§ **Task material**
lemma isofibration_diagonal_iff_gaunt:
  assumes C: "category C"
  shows "isofibration C (prod_cat C C) (\<lambda>x. (x, x)) (\<lambda>u. (u, u)) \<longleftrightarrow> gaunt C"
proof
  assume fib: "isofibration C (prod_cat C C) (\<lambda>x. (x, x)) (\<lambda>u. (u, u))"
  show "gaunt C"
    unfolding gaunt_def
  proof (intro allI impI)
    fix f assume f: "iso C f"
    define a where "a = Dom C f"
    have a: "a \<in> Obj C"
      using iso_Dom_in_Obj[OF C f] by (simp add: a_def)
    have "iso (prod_cat C C) (f, Id C a)"
      using f category_Id_iso[OF C a] by (simp add: iso_prod_cat_iff)
    moreover have "Dom (prod_cat C C) (f, Id C a) = (a, a)"
      using C a by (simp add: prod_cat_def category_def a_def)
    ultimately obtain \<alpha> where "(\<alpha>, \<alpha>) = (f, Id C a)"
      using fib a unfolding isofibration_def by blast
    then show "f = Id C (Dom C f)"
      by (auto simp: a_def)
  qed
next
  assume gaunt: "gaunt C"
  show "isofibration C (prod_cat C C) (\<lambda>x. (x, x)) (\<lambda>u. (u, u))"
    unfolding isofibration_def
  proof (intro conjI functor_diagonal[OF C] ballI allI impI)
    fix a \<beta>
    assume a: "a \<in> Obj C" and \<beta>: "iso (prod_cat C C) \<beta> \<and> Dom (prod_cat C C) \<beta> = (a, a)"
    obtain f h where \<beta>_eq: "\<beta> = (f, h)"
      by (cases \<beta>)
    have "iso C f" "iso C h" "Dom C f = a" "Dom C h = a"
      using \<beta> by (auto simp: \<beta>_eq iso_prod_cat_iff) (auto simp: prod_cat_def)
    then have "\<beta> = (Id C a, Id C a)"
      using gaunt by (auto simp: \<beta>_eq gaunt_def)
    then show "\<exists>\<alpha>. iso C \<alpha> \<and> Dom C \<alpha> = a \<and> (\<alpha>, \<alpha>) = \<beta>"
      using category_Id_iso[OF C a] C a unfolding category_def by auto
  qed
qed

§ **Assignment**
Search the entries for the line holding "using gaunt by". Return that line and the ones after it through the last, exactly.

§ **Output for this exercise**
      using gaunt by (auto simp: \<beta>_eq gaunt_def)
    then show "\<exists>\<alpha>. iso C \<alpha> \<and> Dom C \<alpha> = a \<and> (\<alpha>, \<alpha>) = \<beta>"
      using category_Id_iso[OF C a] C a unfolding category_def by auto
  qed
qed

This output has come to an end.